RECORDS SUPPLIED START
lemma prime_dvd_six_int:
  fixes l :: int
  assumes "prime l" "l dvd 6"
  shows "l = 2 \<or> l = 3"
proof -
  have "l dvd 2 \<or> l dvd 3" using assms prime_dvd_mult_iff[of l 2 3] by simp
  then show ?thesis using assms(1) primes_dvd_imp_eq[of l 2] primes_dvd_imp_eq[of l 3] by auto
qed

lemma coprime_six_int:
  fixes x :: int
  assumes "odd x" "\<not> 3 dvd x"
  shows "coprime x 6"
proof -
  have "coprime x 2" "coprime x 3"
    using assms prime_imp_coprime[of 3 x] by (simp_all add: coprime_commute)
  then show ?thesis using coprime_mult_right_iff[of x 2 3] by simp
qed

lemma coprime_six_mult_norm_form:
  fixes p q :: int
  assumes "coprime p q" "odd (p + q)" "\<not> 3 dvd p"
  shows "coprime (6 * p * q) (p^2 + 3 * q^2)"
proof (rule coprime_intI_primes)
  fix l :: int assume l: "prime l" "l dvd 6 * p * q" "l dvd p^2 + 3 * q^2"
  have "p^2 + 3 * q^2 = (p + q)^2 + 2 * (q^2 - p * q)" by (simp add: power2_eq_square algebra_simps)
  then have "odd (p^2 + 3 * q^2)" using assms(2) by simp
  have three: "3 dvd p" if "3 dvd p^2 + 3 * q^2"
  proof -
    have "3 dvd p^2" using that by (simp add: dvd_add_left_iff)
    then show ?thesis using prime_dvd_power[of 3 p 2] by simp
  qed
  have "l dvd 6 \<or> l dvd p \<or> l dvd q" using l by (simp add: prime_dvd_mult_iff)
  then show False
  proof (elim disjE)
    assume "l dvd 6"
    then have "l = 2 \<or> l = 3" using prime_dvd_six_int l(1) by blast
    then show False using l(3) assms(3) \<open>odd (p^2 + 3 * q^2)\<close> three by auto
  next
    assume "l dvd p"
    then have "l dvd 3 * q^2" using l(3) by (simp add: dvd_add_right_iff power2_eq_square)
    then have "l dvd 3 \<or> l dvd q" using l(1) by (auto simp: prime_dvd_mult_iff prime_dvd_power_iff)
    moreover have "\<not> l dvd q"
      using \<open>l dvd p\<close> l(1) assms(1) coprime_common_divisor not_prime_unit by blast
    ultimately have "l = 3" using l(1) primes_dvd_imp_eq[of l 3] by auto
    then show False using \<open>l dvd p\<close> assms(3) by simp
  next
    assume "l dvd q"
    then have "l dvd p^2" using l(3) by (simp add: dvd_add_left_iff power2_eq_square)
    then have "l dvd p" using l(1) prime_dvd_power by blast
    then have "is_unit l" using \<open>l dvd q\<close> assms(1) coprime_common_divisor by blast
    then show False using l(1) not_prime_unit by blast
  qed
qed

lemma dvd_lincomb_coprime_int:
  fixes a b c :: int
  assumes "coprime a b" "c dvd \<alpha> * a + \<beta> * b" "c dvd \<gamma> * a + \<delta> * b"
  shows "c dvd \<alpha> * \<delta> - \<beta> * \<gamma>"
proof -
  have "c dvd \<delta> * (\<alpha> * a + \<beta> * b) - \<beta> * (\<gamma> * a + \<delta> * b)"
    "c dvd \<alpha> * (\<gamma> * a + \<delta> * b) - \<gamma> * (\<alpha> * a + \<beta> * b)"
    using assms(2,3) by (simp_all add: dvd_diff)
  then have "c dvd (\<alpha> * \<delta> - \<beta> * \<gamma>) * a" "c dvd (\<alpha> * \<delta> - \<beta> * \<gamma>) * b"
    by (simp_all add: algebra_simps)
  then have "c dvd gcd ((\<alpha> * \<delta> - \<beta> * \<gamma>) * a) ((\<alpha> * \<delta> - \<beta> * \<gamma>) * b)"
    by (rule gcd_greatest)
  then show ?thesis using assms(1) by (simp add: gcd_mult_left coprime_iff_gcd_eq_1)
qed

lemma coprime_lincomb_int:
  fixes a b :: int
  assumes "coprime a b" "coprime (\<alpha> * a + \<beta> * b) (\<alpha> * \<delta> - \<beta> * \<gamma>)"
  shows "coprime (\<alpha> * a + \<beta> * b) (\<gamma> * a + \<delta> * b)"
  using assms dvd_lincomb_coprime_int[OF assms(1)] by (meson coprime_common_divisor coprimeI)

lemma coprime_mult_odd_power_int:
  fixes u v c :: int
  assumes "odd n" "coprime u v" "u * v = c ^ n"
  shows "\<exists>e. u = e ^ n"
proof (cases "u = 0 \<or> v = 0")
  case True
  then have "u = 0 \<or> u = 1 \<or> u = -1"
    using assms(2) by (auto simp: zdvd1_eq abs_if split: if_splits)
  then have "u ^ n = u" using assms(1) by (auto simp: power_0_left odd_pos)
  then show ?thesis by (rule exI[of _ u, OF sym])
next
  case False
  have coprime_nat: "coprime (nat \<bar>u\<bar>) (nat \<bar>v\<bar>)"
    using assms(2) by simp
  have "is_nth_power n (nat \<bar>u\<bar> * nat \<bar>v\<bar>)"
    using arg_cong[OF assms(3), of "\<lambda>x. nat \<bar>x\<bar>"]
    by (auto simp: abs_mult nat_mult_distrib nat_power_eq power_abs intro: is_nth_powerI)
  then have "is_nth_power n (nat \<bar>u\<bar>)"
    using is_nth_power_mult_coprime_natD(1)[OF coprime_nat] False by simp
  then obtain k where "nat \<bar>u\<bar> = k ^ n" by (rule is_nth_powerE)
  then have "int (nat \<bar>u\<bar>) = int (k ^ n)" by (rule arg_cong)
  then have "\<bar>u\<bar> = int k ^ n" by simp
  then show ?thesis
    using assms(1) by (cases "u \<ge> 0") (auto intro: exI[of _ "int k"] exI[of _ "- int k"])
qed

lemma coprime_factors_odd_power_int:
  fixes u v c :: int
  assumes "odd n" "coprime u v" "u * v = c ^ n"
  shows "\<exists>e f. u = e ^ n \<and> v = f ^ n"
  using coprime_mult_odd_power_int[OF assms] coprime_mult_odd_power_int[OF assms(1), of v u c] assms(2,3)
  by (simp add: coprime_commute mult.commute)

lemma pairwise_coprime_factors_odd_power_int:
  fixes a b c x :: int
  assumes "odd n" "coprime a b" "coprime a c" "coprime b c" "a * b * c = x ^ n"
  shows "\<exists>e f g. a = e ^ n \<and> b = f ^ n \<and> c = g ^ n"
proof -
  have "coprime (a * b) c" using assms(3,4) by simp
  then obtain y g where "a * b = y ^ n" "c = g ^ n"
    using coprime_factors_odd_power_int[OF assms(1) _ assms(5)] by blast
  moreover obtain e f where "a = e ^ n" "b = f ^ n"
    using coprime_factors_odd_power_int[OF assms(1,2) \<open>a * b = y ^ n\<close>] by blast
  ultimately show ?thesis by blast
qed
RECORDS SUPPLIED END
### EXERCISE OBJECTIVE
Look through the records above and please copy every line in which the string "close" occurs.

### EXERCISE SOLUTION
    then show False using l(3) assms(3) \<open>odd (p^2 + 3 * q^2)\<close> three by auto
      using \<open>l dvd p\<close> l(1) assms(1) coprime_common_divisor not_prime_unit by blast
    then show False using \<open>l dvd p\<close> assms(3) by simp
    then have "is_unit l" using \<open>l dvd q\<close> assms(1) coprime_common_divisor by blast
    using coprime_factors_odd_power_int[OF assms(1,2) \<open>a * b = y ^ n\<close>] by blast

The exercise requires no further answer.